I would never had guessed that by now, the grief of an early delivery
and of those first hard few months at home would already be fading. I would not have guessed that I would not
have to preface every question from a stranger about her age with “But she’s a
premie, that’s why she’s so small, can’t do as much, etc.” I would not have guessed that all the
difficulty would be gentling into something like gratitude.

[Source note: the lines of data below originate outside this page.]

(* Consider the linear model $Y=A\alpha+B\beta+\varepsilon$ with $\mathbb{E}(\varepsilon)=0$, $\mathrm{Var}(\varepsilon)=\sigma^2I$, and let $K$ be a matrix with as many rows as $\alpha$ has entries. Then the information matrix $C[K'\alpha]$ for $K'\alpha$ satisfies $$C[K'\alpha]\le (K'K)^+K'\,C[\alpha]\,K(K'K)^+$$ in the Loewner order, with equality if and only if $C[\alpha]$ commutes with $\mathrm{pr}_{(K)}$.
   Context: $X^+$ denotes the Moore–Penrose inverse; $\mathrm{pr}_{(X)}=X(X'X)^+X'$ is the orthogonal projection onto the column space of $X$, and $\mathrm{pr}^\perp_{(X)}=I-\mathrm{pr}_{(X)}$. For symmetric $M,N$, $M\le N$ means $N-M$ is nonnegative definite. In a model $\mathbb{E}(Y)=X_1\theta_1+X_2\theta_2$, the information matrix for $\theta_1$ is $X_1'\mathrm{pr}^\perp_{(X_2)}X_1$; thus $C[\alpha]=A'\mathrm{pr}^\perp_{(B)}A$, and $C[K'\alpha]$ is the information matrix for $\theta_1=K'\alpha$ in the reparametrization $\mathbb{E}(Y)=AK(K'K)^+\,(K'\alpha)+AM\,(M\alpha)+B\beta$ with $M=I-K(K'K)^+K'$, i.e. $C[K'\alpha]=X_1'\mathrm{pr}^\perp_{(X_2)}X_1$ with $X_1=AK(K'K)^+$ and $X_2=(AM\mid B)$. *)

theory Defs
  imports "HOL-Analysis.Analysis"
begin

text \<open>Moore--Penrose inverse, characterised by the four Penrose conditions
  (it exists and is unique for every real matrix).\<close>
definition mp_inverse :: "real^'m^'n \<Rightarrow> real^'n^'m" where
  "mp_inverse X = (THE G. X ** G ** X = X \<and> G ** X ** G = G \<and>
       transpose (X ** G) = X ** G \<and> transpose (G ** X) = G ** X)"

definition proj :: "real^'m^'n \<Rightarrow> real^'n^'n" where
  "proj X = X ** mp_inverse (transpose X ** X) ** transpose X"

definition proj_perp :: "real^'m^'n \<Rightarrow> real^'n^'n" where
  "proj_perp X = mat 1 - proj X"

definition nonneg_def :: "real^'n^'n \<Rightarrow> bool" where
  "nonneg_def M \<longleftrightarrow> (\<forall>x. 0 \<le> x \<bullet> (M *v x))"

definition loewner_le :: "real^'n^'n \<Rightarrow> real^'n^'n \<Rightarrow> bool" where
  "loewner_le M N \<longleftrightarrow> nonneg_def (N - M)"

definition hcat :: "real^'a^'n \<Rightarrow> real^'b^'n \<Rightarrow> real^('a + 'b)^'n" where
  "hcat X Y = (\<chi> i j. case j of Inl a \<Rightarrow> X $ i $ a | Inr b \<Rightarrow> Y $ i $ b)"

text \<open>Information matrix for theta_1 in E(Y) = X1 theta_1 + X2 theta_2.\<close>
definition info_mat :: "real^'a^'n \<Rightarrow> real^'b^'n \<Rightarrow> real^'a^'a" where
  "info_mat X1 X2 = transpose X1 ** proj_perp X2 ** X1"

definition C_alpha :: "real^'p^'n \<Rightarrow> real^'q^'n \<Rightarrow> real^'p^'p" where
  "C_alpha A B = info_mat A B"

text \<open>C[K' alpha] via the reparametrisation
  E(Y) = A K (K'K)^+ (K' alpha) + A M (M alpha) + B beta, M = I - K(K'K)^+K'.\<close>
definition C_Kalpha :: "real^'p^'n \<Rightarrow> real^'q^'n \<Rightarrow> real^'k^'p \<Rightarrow> real^'k^'k" where
  "C_Kalpha A B K =
     (let G = mp_inverse (transpose K ** K);
          M = mat 1 - K ** G ** transpose K
      in info_mat (A ** K ** G) (hcat (A ** M) B))"

end

theory Submission
  imports Defs
begin

text \<open>Both sides are information matrices for the same regressor X1 = A K (K'K)^+: the left
  one with nuisance regressor X2 = (AM | B), the right one (as (K'K)^+ is symmetric) with
  nuisance regressor B. Since the columns of B lie in the column space of X2, the difference
  D = pr_(X2) - pr_(B) is again an orthogonal projection, so the difference of the two
  information matrices is the Gram matrix (D X1)'(D X1). This gives the Loewner inequality, with
  equality iff D X1 = 0, i.e. iff X2' pr^perp_(B) X1 = 0. The B-block of this product vanishes
  anyway and the AM-block is M C[alpha] K (K'K)^+. Dropping the factor (K'K)^+ and using the
  symmetry of C[alpha], the condition M C[alpha] K = 0 says exactly that C[alpha] commutes
  with pr_(K).

  The Moore--Penrose inverse, defined by a definite description, is shown to exist by
  building it from the orthogonal projections onto the row and column spaces.\<close>

lemma matrix_diff_ldistrib: "(A::'a::ring_1^'n^'m) ** (B - C) = A ** B - A ** C"
  by (simp add: matrix_matrix_mult_def vec_eq_iff algebra_simps sum_subtractf)

lemma matrix_diff_rdistrib: "((B::'a::ring_1^'n^'m) - C) ** A = B ** A - C ** A"
  by (simp add: matrix_matrix_mult_def vec_eq_iff algebra_simps sum_subtractf)

lemma transpose_diff: "transpose (A - B) = transpose A - transpose (B::'a::ab_group_add^'n^'m)"
  by (simp add: transpose_def vec_eq_iff)

lemma transpose_eq_if_self_adjoint:
  fixes A :: "real^'n^'n"
  assumes "\<And>x y. x \<bullet> (A *v y) = (A *v x) \<bullet> y"
  shows "transpose A = A"
proof -
  have "transpose A *v x = A *v x" for x
  proof -
    have "(transpose A *v x - A *v x) \<bullet> y = 0" for y
      using assms by (simp add: inner_diff_left dot_lmul_matrix)
    then show ?thesis
      by (metis eq_iff_diff_eq_0 inner_eq_zero_iff)
  qed
  then show ?thesis by (simp add: matrix_eq)
qed

lemma inner_matrix_vector_symmetric:
  fixes P :: "real^'n^'n"
  assumes "transpose P = P"
  shows "u \<bullet> (P *v w) = (P *v u) \<bullet> w"
  by (metis assms dot_lmul_matrix transpose_matrix_vector)

lemma inner_gram: "x \<bullet> ((transpose E ** E) *v x) = (E *v x) \<bullet> ((E::real^'m^'n) *v x)"
  by (metis dot_lmul_matrix matrix_vector_mul_assoc vector_transpose_matrix)

lemma nonneg_def_gram: "nonneg_def (transpose E ** (E::real^'m^'n))"
  unfolding nonneg_def_def inner_gram by simp

lemma gram_eq_0_iff: "transpose E ** E = 0 \<longleftrightarrow> (E::real^'m^'n) = 0"
proof
  assume "transpose E ** E = 0"
  then have "E *v x = 0" for x
    using inner_gram[of x E] by simp
  then show "E = 0" by (simp add: matrix_eq)
qed simp

lemma gram_mult_eq_0_iff: "transpose X ** X ** Z = 0 \<longleftrightarrow> (X::real^'m^'n) ** Z = 0"
proof
  assume "transpose X ** X ** Z = 0"
  moreover have "transpose (X ** Z) ** (X ** Z) = transpose Z ** (transpose X ** X ** Z)"
    by (simp add: matrix_transpose_mul matrix_mul_assoc)
  ultimately show "X ** Z = 0" by (simp add: gram_eq_0_iff)
qed (simp add: matrix_mul_assoc[symmetric])

section \<open>The Moore--Penrose inverse\<close>

lemma orthogonal_projection_matrix_exists:
  fixes W :: "(real^'n) set"
  assumes "subspace W"
  obtains P :: "real^'n^'n"
  where "transpose P = P" "\<And>x. P *v x \<in> W" "\<And>x. x \<in> W \<Longrightarrow> P *v x = x"
proof -
  obtain B where B: "B \<subseteq> W" "pairwise orthogonal B" "\<And>x. x \<in> B \<Longrightarrow> norm x = 1"
    "independent B" "span B = W"
    using orthonormal_basis_subspace[OF assms] by metis
  have "finite B" using B(4) independent_imp_finite by blast
  define f where "f x = (\<Sum>b\<in>B. (b \<bullet> x) *\<^sub>R b)" for x :: "real^'n"
  have "linear f"
  proof -
    have "linear (\<lambda>x. (b \<bullet> x) *\<^sub>R b)" for b :: "real^'n"
      by (rule linearI) (simp_all add: inner_add_right scaleR_add_left)
    then show ?thesis unfolding f_def by (intro linear_compose_sum) blast
  qed
  define P where "P = matrix f"
  have P: "P *v x = f x" for x
    unfolding P_def using matrix_vector_mul(2)[OF \<open>linear f\<close>] by metis
  have f_in_W: "f x \<in> W" for x
    unfolding f_def B(5)[symmetric] by (intro span_sum span_mul span_base)
  have B_orthonormal: "b \<bullet> b' = (if b = b' then 1 else 0)" if "b \<in> B" "b' \<in> B" for b b'
    using B(2,3) that by (auto simp: pairwise_def orthogonal_def norm_eq_1)
  have inner_f: "f x \<bullet> b = x \<bullet> b" if "b \<in> B" for b x
  proof -
    have "f x \<bullet> b = (\<Sum>b'\<in>B. (b' \<bullet> x) * (b' \<bullet> b))"
      by (simp add: f_def inner_sum_left)
    also have "\<dots> = (\<Sum>b'\<in>B. if b' = b then b' \<bullet> x else 0)"
      by (rule sum.cong) (auto simp: B_orthonormal that)
    also have "\<dots> = x \<bullet> b" using \<open>finite B\<close> that by (simp add: inner_commute)
    finally show ?thesis .
  qed
  have f_fixes_W: "f x = x" if "x \<in> W" for x
  proof -
    have "x - f x \<in> span B" using that f_in_W[of x] B(5) span_diff[of x B "f x"] by simp
    then have "orthogonal (x - f x) (x - f x)"
      by (rule orthogonal_to_span) (simp add: orthogonal_def inner_diff_left inner_f)
    then show ?thesis by (simp add: orthogonal_def)
  qed
  have "x \<bullet> f y = f x \<bullet> y" for x y
    by (simp add: f_def inner_sum_right inner_sum_left mult.commute inner_commute)
  then have "transpose P = P"
    by (intro transpose_eq_if_self_adjoint) (simp add: P)
  then show ?thesis using that P f_in_W f_fixes_W by auto
qed

definition penrose :: "real^'m^'n \<Rightarrow> real^'n^'m \<Rightarrow> bool" where
  "penrose X G \<longleftrightarrow> X ** G ** X = X \<and> G ** X ** G = G \<and>
     transpose (X ** G) = X ** G \<and> transpose (G ** X) = G ** X"

lemma penrose_unique:
  assumes "penrose X G1" "penrose X G2"
  shows "G1 = G2"
proof -
  from assms have a1: "X ** G1 ** X = X" and b1: "G1 ** X ** G1 = G1"
    and c1: "transpose (X ** G1) = X ** G1" and d1: "transpose (G1 ** X) = G1 ** X"
    and a2: "X ** G2 ** X = X" and b2: "G2 ** X ** G2 = G2"
    and c2: "transpose (X ** G2) = X ** G2" and d2: "transpose (G2 ** X) = G2 ** X"
    by (auto simp: penrose_def)
  have G1_eq: "G1 = G1 ** X ** G2"
  proof -
    have "G1 = G1 ** transpose (X ** G1)" using b1 c1 by (simp add: matrix_mul_assoc)
    also have "\<dots> = G1 ** transpose G1 ** transpose X"
      by (simp add: matrix_transpose_mul matrix_mul_assoc)
    also have "\<dots> = G1 ** transpose G1 ** transpose (X ** G2 ** X)" using a2 by simp
    also have "\<dots> = G1 ** transpose G1 ** transpose X ** X ** G2"
      using c2 by (simp add: matrix_transpose_mul matrix_mul_assoc)
    also have "\<dots> = G1 ** transpose (X ** G1) ** X ** G2"
      by (simp add: matrix_transpose_mul matrix_mul_assoc)
    also have "\<dots> = G1 ** X ** G2" using b1 c1 by (simp add: matrix_mul_assoc)
    finally show ?thesis .
  qed
  have G2_eq: "G2 = G1 ** X ** G2"
  proof -
    have "G2 = transpose (G2 ** X) ** G2" using b2 d2 by simp
    also have "\<dots> = transpose X ** transpose G2 ** G2" by (simp add: matrix_transpose_mul)
    also have "\<dots> = transpose (X ** G1 ** X) ** transpose G2 ** G2" using a1 by simp
    also have "\<dots> = G1 ** X ** transpose X ** transpose G2 ** G2"
      using d1 by (simp add: matrix_transpose_mul matrix_mul_assoc)
    also have "\<dots> = G1 ** X ** transpose (G2 ** X) ** G2"
      by (simp add: matrix_transpose_mul matrix_mul_assoc)
    also have "\<dots> = G1 ** X ** (G2 ** X ** G2)" using d2 by (simp add: matrix_mul_assoc)
    also have "\<dots> = G1 ** X ** G2" using b2 by simp
    finally show ?thesis .
  qed
  show ?thesis using G1_eq G2_eq by simp
qed

lemma penrose_transpose:
  assumes "penrose X G"
  shows "penrose (transpose X) (transpose G)"
proof -
  have "transpose X ** transpose G ** transpose X = transpose (X ** G ** X)"
    and "transpose G ** transpose X ** transpose G = transpose (G ** X ** G)"
    and "transpose X ** transpose G = transpose (G ** X)"
    and "transpose G ** transpose X = transpose (X ** G)"
    by (simp_all add: matrix_transpose_mul matrix_mul_assoc)
  then show ?thesis using assms by (simp add: penrose_def)
qed

lemma row_space_inter_null_space:
  fixes X :: "real^'m^'n"
  assumes "X *v x = 0" "x \<in> range (\<lambda>y. transpose X *v y)"
  shows "x = 0"
proof -
  obtain y where "x = transpose X *v y" using assms(2) by blast
  then have "x \<bullet> x = y \<bullet> (X *v x)" using dot_lmul_matrix[of y X x] by simp
  then show ?thesis using assms(1) by simp
qed

lemma matrix_vector_mult_proj_row_space:
  fixes X :: "real^'m^'n"
  assumes "transpose P = P" "\<And>x. x \<in> range (\<lambda>y. transpose X *v y) \<Longrightarrow> P *v x = x"
  shows "X *v (P *v x) = X *v x"
proof -
  have "y \<bullet> (X *v (x - P *v x)) = 0" for y
  proof -
    have "(transpose X *v y) \<bullet> (P *v x) = (transpose X *v y) \<bullet> x"
      using assms(2)[of "transpose X *v y"] inner_matrix_vector_symmetric[OF assms(1)] by simp
    then show ?thesis
      using dot_lmul_matrix[of y X] by (simp add: matrix_vector_mult_diff_distrib inner_diff_right)
  qed
  then have "X *v (x - P *v x) = 0" by (metis inner_eq_zero_iff)
  then show ?thesis by (simp add: matrix_vector_mult_diff_distrib)
qed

Perhaps if I could go back and have
control over our fates, I would have her come at the right time, plump and on
her due date. I have cried a lot this
week, remembering her birth and how it did not happen the way we would have
chosen and remembering out innocence and confidence during the early part of the
pregnancy.
However, I don’t think any more about the desire to change the past. Over this year, Eleanor’s prematurity has become a fact in our existence, a component of our history and personalities. I can now see the gifts which the experience has brought us, and I would not surrender those gifts now if I could. If Eleanor had been born full-term, we would have taken her good health and her normal development for granted. Our joy every day is greater because we were taken to a precipice, we looked over and saw how grief-filled parenthood might be, and then we were allowed to draw back from that cliff and to go on with life with our healthy, bright baby. Staying up all night for months, non-stop nursing, giving up our social lives, and all the normal challenges of living with a baby seemed less difficult after three weeks of living apart from her. Every accomplishment she makes (smiling, crawling, pulling up) can color entire days with delight. Every milestone a full-term baby makes is amazing, too, but we might not have been able to see it as vividly as we do now. And then there are mothers whose stories are harder than mine, whose babies face difficult lives, for whom those milestones are always just out of reach. That could have been my story. If it had been, I might or might not be writing about my gratitude, and it may seem coarse to speak my delight in the face of their suffering. Yet the past year has given us the gift of owning our experience. It is what it is, and we are new people because of it. So we will sing happily on Eleanor’s birthday, we will cut cake and ice cream, and she will smile at her grandparents. Then we will all laugh and cry.